[Stored items]
(* Let $L>0$, $D\subseteq\mathbb{R}$ compact, and let $w$ be a null sequence. Let $\mathcal{M}_w$ be a set of filters of the form $M_h^T$, where $T$ is a convergent input-dependent CPTP map on some number $n$ of qubits and $h:\mathcal{D}(\mathbb{C}^{2^n})\to\mathbb{R}$, each of which is a $w$-fading memory filter, and let $\mathcal{F}_w$ be the family of corresponding $w$-fading memory functionals $F_h^T$ on $K_L^-(D)$. If $\mathcal{F}_w$ is a (polynomial) subalgebra of $C(K_L^-(D),\|\cdot\|_w)$ (closed under sums, real scalar multiples and products), contains the constant functionals, and separates points of $K_L^-(D)$, then $\mathcal{F}_w$ is dense in $C(K_L^-(D),\|\cdot\|_w)$ (with respect to the supremum norm). That is, for any $w$-fading memory (time-invariant, causal) filter $M_*:K_L(D)\to\mathbb{R}^{\mathbb{Z}}$ and any $\epsilon>0$, there exists $M_h^T\in\mathcal{M}_w$ such that for all $u\in K_L(D)$, $\sup_{k\in\mathbb{Z}}|M_*(u)_k-M_h^T(u)_k|<\epsilon$.
   Context: $K_L(D)$: real sequences $u=\{u_k\}_{k\in\mathbb{Z}}$ with $u_k\in D\cap[-L,L]$; $K_L^-(D)$: such sequences indexed by $\mathbb{Z}^-=\{\dots,-1,0\}$. An input-dependent CPTP map $T$ on $n$ qubits assigns to each $x\in D\cap[-L,L]$ a CPTP map $T(x)$ on $2^n\times2^n$ matrices; it is convergent w.r.t. $K_L(D)$ if there is $\delta_k\to0$ such that for every input $\{u_k\}_{k\ge1}$ in $D\cap[-L,L]$ and any two density-operator sequences with $\rho_{j,k}=T(u_k)\rho_{j,k-1}$, $\|\rho_{1,k}-\rho_{2,k}\|_2\le\delta_k$ (Schatten 2-norm). The induced filter is $M_h^T(u)_k=h\big(\lim_{N\to\infty}T(u_k)T(u_{k-1})\cdots T(u_{k-N})\rho_{-N}\big)$, assumed independent of the initial density operators. A filter $M:K_L(D)\to\mathbb{R}^{\mathbb{Z}}$ is causal if $M(u)_k=M(v)_k$ whenever $u_j=v_j$ for all $j\le k$, and time-invariant if it commutes with the shifts $(M_\tau u)_k=u_{k-\tau}$. Its corresponding functional is $F(u_-)=M(u)_0$ for $u_-\in K_L^-(D)$ and any $u\in K_L(D)$ agreeing with $u_-$ on $\mathbb{Z}^-$; the filter is recovered by $M(u)_k=F(P\circ M_{-k}(u))$, with $P$ truncation to indices $\le0$. A null sequence is a decreasing $w:\{0,1,2,\dots\}\to(0,1]$ with $w_k\to0$; the weighted norm is $\|u\|_w=\sup_{k\in\mathbb{Z}^-}|u_k|w_{-k}$. A time-invariant causal filter is $w$-fading memory iff its functional is continuous on $(K_L^-(D),\|\cdot\|_w)$; $C(K_L^-(D),\|\cdot\|_w)$ denotes the real-valued continuous functionals on this space. *)

theory Defs
  imports "HOL-Analysis.Analysis" "Jordan_Normal_Form.Matrix"
begin

definition mtrace :: "complex mat \<Rightarrow> complex" where
  "mtrace A = (\<Sum>i<dim_row A. A $$ (i,i))"

definition psd :: "nat \<Rightarrow> complex mat \<Rightarrow> bool" where
  "psd d A \<longleftrightarrow> A \<in> carrier_mat d d \<and>
     (\<forall>v :: nat \<Rightarrow> complex. let q = (\<Sum>i<d. \<Sum>j<d. cnj (v i) * A $$ (i,j) * v j) in Im q = 0 \<and> Re q \<ge> 0)"

definition density :: "nat \<Rightarrow> complex mat \<Rightarrow> bool" where
  "density n \<rho> \<longleftrightarrow> psd (2^n) \<rho> \<and> mtrace \<rho> = 1"

definition schatten2 :: "complex mat \<Rightarrow> real" where
  "schatten2 A = sqrt (\<Sum>i<dim_row A. \<Sum>j<dim_col A. (cmod (A $$ (i,j)))\<^sup>2)"

text \<open>Action of (id_k tensor Phi) on a (k d) x (k d) matrix viewed as k x k blocks of size d x d.\<close>
definition ampliate :: "nat \<Rightarrow> nat \<Rightarrow> (complex mat \<Rightarrow> complex mat) \<Rightarrow> complex mat \<Rightarrow> complex mat" where
  "ampliate d k \<Phi> X = mat (k*d) (k*d) (\<lambda>(i,j).
      \<Phi> (mat d d (\<lambda>(r,s). X $$ ((i div d)*d + r, (j div d)*d + s))) $$ (i mod d, j mod d))"

definition CPTP :: "nat \<Rightarrow> (complex mat \<Rightarrow> complex mat) \<Rightarrow> bool" where
  "CPTP d \<Phi> \<longleftrightarrow>
     (\<forall>A \<in> carrier_mat d d. \<Phi> A \<in> carrier_mat d d) \<and>
     (\<forall>A \<in> carrier_mat d d. \<forall>B \<in> carrier_mat d d. \<Phi> (A + B) = \<Phi> A + \<Phi> B) \<and>
     (\<forall>A \<in> carrier_mat d d. \<forall>c::complex. \<Phi> (c \<cdot>\<^sub>m A) = c \<cdot>\<^sub>m \<Phi> A) \<and>
     (\<forall>A \<in> carrier_mat d d. mtrace (\<Phi> A) = mtrace A) \<and>
     (\<forall>k. \<forall>X. psd (k*d) X \<longrightarrow> psd (k*d) (ampliate d k \<Phi> X))"

definition K :: "real set \<Rightarrow> real \<Rightarrow> (int \<Rightarrow> real) set" where
  "K D L = {u. \<forall>k. u k \<in> D \<inter> {-L..L}}"

text \<open>Left-infinite sequences, indexed by the nonpositive integers; by convention
  they are extended by 0 on the positive integers.\<close>
definition Kminus :: "real set \<Rightarrow> real \<Rightarrow> (int \<Rightarrow> real) set" where
  "Kminus D L = {u. (\<forall>k\<le>0. u k \<in> D \<inter> {-L..L}) \<and> (\<forall>k>0. u k = 0)}"

definition null_seq :: "(nat \<Rightarrow> real) \<Rightarrow> bool" where
  "null_seq w \<longleftrightarrow> (\<forall>k. w (Suc k) \<le> w k) \<and> (\<forall>k. 0 < w k \<and> w k \<le> 1) \<and> w \<longlonglongrightarrow> 0"

definition wnorm :: "(nat \<Rightarrow> real) \<Rightarrow> (int \<Rightarrow> real) \<Rightarrow> real" where
  "wnorm w u = (SUP k\<in>{..0::int}. \<bar>u k\<bar> * w (nat (- k)))"

definition wcont :: "real set \<Rightarrow> real \<Rightarrow> (nat \<Rightarrow> real) \<Rightarrow> ((int \<Rightarrow> real) \<Rightarrow> real) \<Rightarrow> bool" where
  "wcont D L w F \<longleftrightarrow> (\<forall>u \<in> Kminus D L. \<forall>\<epsilon>>0. \<exists>\<delta>>0. \<forall>v \<in> Kminus D L.
      wnorm w (\<lambda>k. u k - v k) < \<delta> \<longrightarrow> \<bar>F u - F v\<bar> < \<epsilon>)"

definition shift :: "int \<Rightarrow> (int \<Rightarrow> real) \<Rightarrow> (int \<Rightarrow> real)" where
  "shift \<tau> u = (\<lambda>k. u (k - \<tau>))"

definition causal :: "real set \<Rightarrow> real \<Rightarrow> ((int \<Rightarrow> real) \<Rightarrow> (int \<Rightarrow> real)) \<Rightarrow> bool" where
  "causal D L M \<longleftrightarrow> (\<forall>u \<in> K D L. \<forall>v \<in> K D L. \<forall>k.
      (\<forall>j\<le>k. u j = v j) \<longrightarrow> M u k = M v k)"

definition time_invariant :: "real set \<Rightarrow> real \<Rightarrow> ((int \<Rightarrow> real) \<Rightarrow> (int \<Rightarrow> real)) \<Rightarrow> bool" where
  "time_invariant D L M \<longleftrightarrow> (\<forall>u \<in> K D L. \<forall>\<tau>. M (shift \<tau> u) = shift \<tau> (M u))"

text \<open>Corresponding functional: F(u_-) = M(u)_0 for any u in K_L(D) extending u_-
  (here: extended by a fixed element of D \<inter> [-L,L] on positive indices).\<close>
definition functional :: "real set \<Rightarrow> real \<Rightarrow> ((int \<Rightarrow> real) \<Rightarrow> (int \<Rightarrow> real)) \<Rightarrow> (int \<Rightarrow> real) \<Rightarrow> real" where
  "functional D L M v = M (\<lambda>k. if k \<le> 0 then v k else (SOME x. x \<in> D \<inter> {-L..L})) 0"

definition fading_memory :: "real set \<Rightarrow> real \<Rightarrow> (nat \<Rightarrow> real) \<Rightarrow> ((int \<Rightarrow> real) \<Rightarrow> (int \<Rightarrow> real)) \<Rightarrow> bool" where
  "fading_memory D L w M \<longleftrightarrow> time_invariant D L M \<and> causal D L M \<and> wcont D L w (functional D L M)"

definition input_CPTP :: "nat \<Rightarrow> real set \<Rightarrow> real \<Rightarrow> (real \<Rightarrow> complex mat \<Rightarrow> complex mat) \<Rightarrow> bool" where
  "input_CPTP n D L T \<longleftrightarrow> (\<forall>x \<in> D \<inter> {-L..L}. CPTP (2^n) (T x))"

definition convergent_CPTP :: "nat \<Rightarrow> real set \<Rightarrow> real \<Rightarrow> (real \<Rightarrow> complex mat \<Rightarrow> complex mat) \<Rightarrow> bool" where
  "convergent_CPTP n D L T \<longleftrightarrow> (\<exists>\<delta>::nat \<Rightarrow> real. \<delta> \<longlonglongrightarrow> 0 \<and>
     (\<forall>u::nat \<Rightarrow> real. \<forall>\<rho>1 \<rho>2 :: nat \<Rightarrow> complex mat.
        (\<forall>k\<ge>1. u k \<in> D \<inter> {-L..L}) \<and>
        (\<forall>k. density n (\<rho>1 k) \<and> density n (\<rho>2 k)) \<and>
        (\<forall>k\<ge>1. \<rho>1 k = T (u k) (\<rho>1 (k - 1)) \<and> \<rho>2 k = T (u k) (\<rho>2 (k - 1)))
        \<longrightarrow> (\<forall>k. schatten2 (\<rho>1 k - \<rho>2 k) \<le> \<delta> k)))"
text \<open>The central factorials satisfy x^[n+2] = (x^2 - n^2/4) x^[n], hence
  h(D) 0^[n+2] = h''(D) 0^[n] - n^2/4 h(D) 0^[n].  The functions E_b = cosh(x/2)^b and
  O_b = sinh(x/2) cosh(x/2)^b are closed under differentiation, with
  E_b'' = b^2/4 E_b - b(b-1)/4 E_(b-2) and O_b'' = (b+1)^2/4 O_b - b(b-1)/4 O_(b-2), so the
  recurrence gives by induction on m
  E_b(D) 0^[2m] = (2m)!/4^m binom(b/2, m) and O_b(D) 0^[2m+1] = (2m+1)!/(2 4^m) binom(b/2, m).
  For sech^3 = E_(-3), tanh = O_(-1) and cosh = E_1 (at x/2) the three values are then the same
  multiple of binom(-1/2, nu).  Finally, the derivatives of cosh(x/2) at 0 are 4^(-k) in order 2k
  and vanish in odd order, which turns cosh(D/2) 0^[2 nu+2] into the sum over t(2 nu+2, 2k).\<close>

definition smooth :: "(real \<Rightarrow> real) \<Rightarrow> bool" where
  "smooth f \<longleftrightarrow> (\<forall>k x. (deriv ^^ k) f field_differentiable (at x))"

lemma deriv_lincomb:
  fixes f g :: "real \<Rightarrow> real"
  assumes "f field_differentiable (at x)" "g field_differentiable (at x)"
  shows "deriv (\<lambda>x. a * f x + c * g x) x = a * deriv f x + c * deriv g x"
  using assms by (simp add: field_differentiable_mult)

lemma higher_deriv_lincomb:
  fixes f g :: "real \<Rightarrow> real"
  assumes "\<forall>j<k. \<forall>x. (deriv ^^ j) f field_differentiable (at x) \<and> (deriv ^^ j) g field_differentiable (at x)"
  shows "(deriv ^^ k) (\<lambda>x. a * f x + c * g x) = (\<lambda>x. a * (deriv ^^ k) f x + c * (deriv ^^ k) g x)"
  using assms
proof (induction k arbitrary: f g)
  case 0
  then show ?case by simp
next
  case (Suc k)
  have "deriv (\<lambda>x. a * f x + c * g x) = (\<lambda>x. a * deriv f x + c * deriv g x)"
    using Suc.prems by (intro ext deriv_lincomb) auto
  moreover have "(deriv ^^ k) (\<lambda>x. a * deriv f x + c * deriv g x)
      = (\<lambda>x. a * (deriv ^^ k) (deriv f) x + c * (deriv ^^ k) (deriv g) x)"
    using Suc.prems by (intro Suc.IH) (metis funpow_Suc_right comp_apply Suc_mono)
  ultimately show ?case by (simp add: funpow_Suc_right del: funpow.simps)
qed
(* Let $G$ be a graph of order $p$ with $1\le\delta(G)\le p-2$. If $G$ has a $\delta$-sequence $\{\mathcal G_i\}_{i=1}^s$ such that $\tilde z_i(G)=\sum_{j=2}^i\tilde y_j(G)\ge 0$ for all $2\le i\le s$, then $str(G)=p+\delta(G)$.
   Context: All graphs are finite, simple and loopless. For a graph $G$ of order $p$, a numbering of $G$ is a bijection $f:V(G)\to[1,p]$, where $[a,b]$ denotes the set of integers from $a$ to $b$. The strength of a numbering $f$ is $str_f(G)=\max\{f(u)+f(v): uv\in E(G)\}$, and the strength of a graph $G$ with at least one edge is $str(G)=\min\{str_f(G): f \text{ a numbering of } G\}$. $\delta(G)$ denotes the minimum degree. $G+H$ denotes disjoint union, $mK_1$ the edgeless graph on $m$ vertices, $K_r$ the complete graph. $\delta$-sequence: Let $G$ have order $p$ with $1\le\delta(G)\le p-2$. Set $\mathcal G_1=G_1=G$, $m_1=0$. For each $i$, write $\mathcal G_i=m_iK_1+G_i$, where $m_i\ge0$ is the number of isolated vertices of $\mathcal G_i$ and $G_i$ has no isolated vertices; put $\delta_i=\delta(G_i)$. If $\mathcal G_i$ is neither of the form $mK_1$ ($m\ge1$) nor $mK_1+K_r$ ($m\ge0$, $r\ge2$), choose a vertex $u_i$ of $G_i$ with $\deg_{G_i}(u_i)=\delta_i$ and let $\mathcal G_{i+1}$ be obtained from $G_i$ by deleting $u_i$ together with all its neighbours in $G_i$ (equivalently, from $\mathcal G_i$ by deleting its $m_i$ isolated vertices, $u_i$ and $N_{G_i}(u_i)$). Stop at the first index $s$ ($s\ge2$) for which $\mathcal G_s$ is $m_sK_1$ with $m_s\ge1$ (then set $\delta_s=0$) or $m_sK_1+K_r$ with $m_s\ge0$, $r\ge2$ (then $\delta_s=r-1$). The resulting $\{\mathcal G_i\}_{i=1}^s$ is a $\delta$-sequence of $G$. Define $\tilde y_j(G)=m_j+1-\delta_j$ for $1\le j\le s$ and $\tilde z_i(G)=\sum_{j=2}^i\tilde y_j(G)$. *)

theory Defs
  imports Main
begin

definition graph :: "'a set \<Rightarrow> 'a set set \<Rightarrow> bool" where
  "graph V E \<longleftrightarrow> finite V \<and> (\<forall>e\<in>E. e \<subseteq> V \<and> card e = 2)"

definition nbr :: "'a set set \<Rightarrow> 'a set \<Rightarrow> 'a \<Rightarrow> 'a set" where
  "nbr E W v = {u \<in> W. {u, v} \<in> E}"

definition deg :: "'a set set \<Rightarrow> 'a set \<Rightarrow> 'a \<Rightarrow> nat" where
  "deg E W v = card (nbr E W v)"

definition min_deg :: "'a set set \<Rightarrow> 'a set \<Rightarrow> nat" where
  "min_deg E W = (if W = {} then 0 else Min (deg E W ` W))"

definition iso :: "'a set set \<Rightarrow> 'a set \<Rightarrow> 'a set" where
  "iso E W = {v \<in> W. deg E W v = 0}"

definition core :: "'a set set \<Rightarrow> 'a set \<Rightarrow> 'a set" where
  "core E W = W - iso E W"

definition complete_on :: "'a set set \<Rightarrow> 'a set \<Rightarrow> bool" where
  "complete_on E W \<longleftrightarrow> (\<forall>u\<in>W. \<forall>v\<in>W. u \<noteq> v \<longrightarrow> {u, v} \<in> E)"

TASK TO COMPLETE:
Search the entries for the word "card" and copy every line that holds it.

SOLUTION:
  "graph V E \<longleftrightarrow> finite V \<and> (\<forall>e\<in>E. e \<subseteq> V \<and> card e = 2)"
  "deg E W v = card (nbr E W v)"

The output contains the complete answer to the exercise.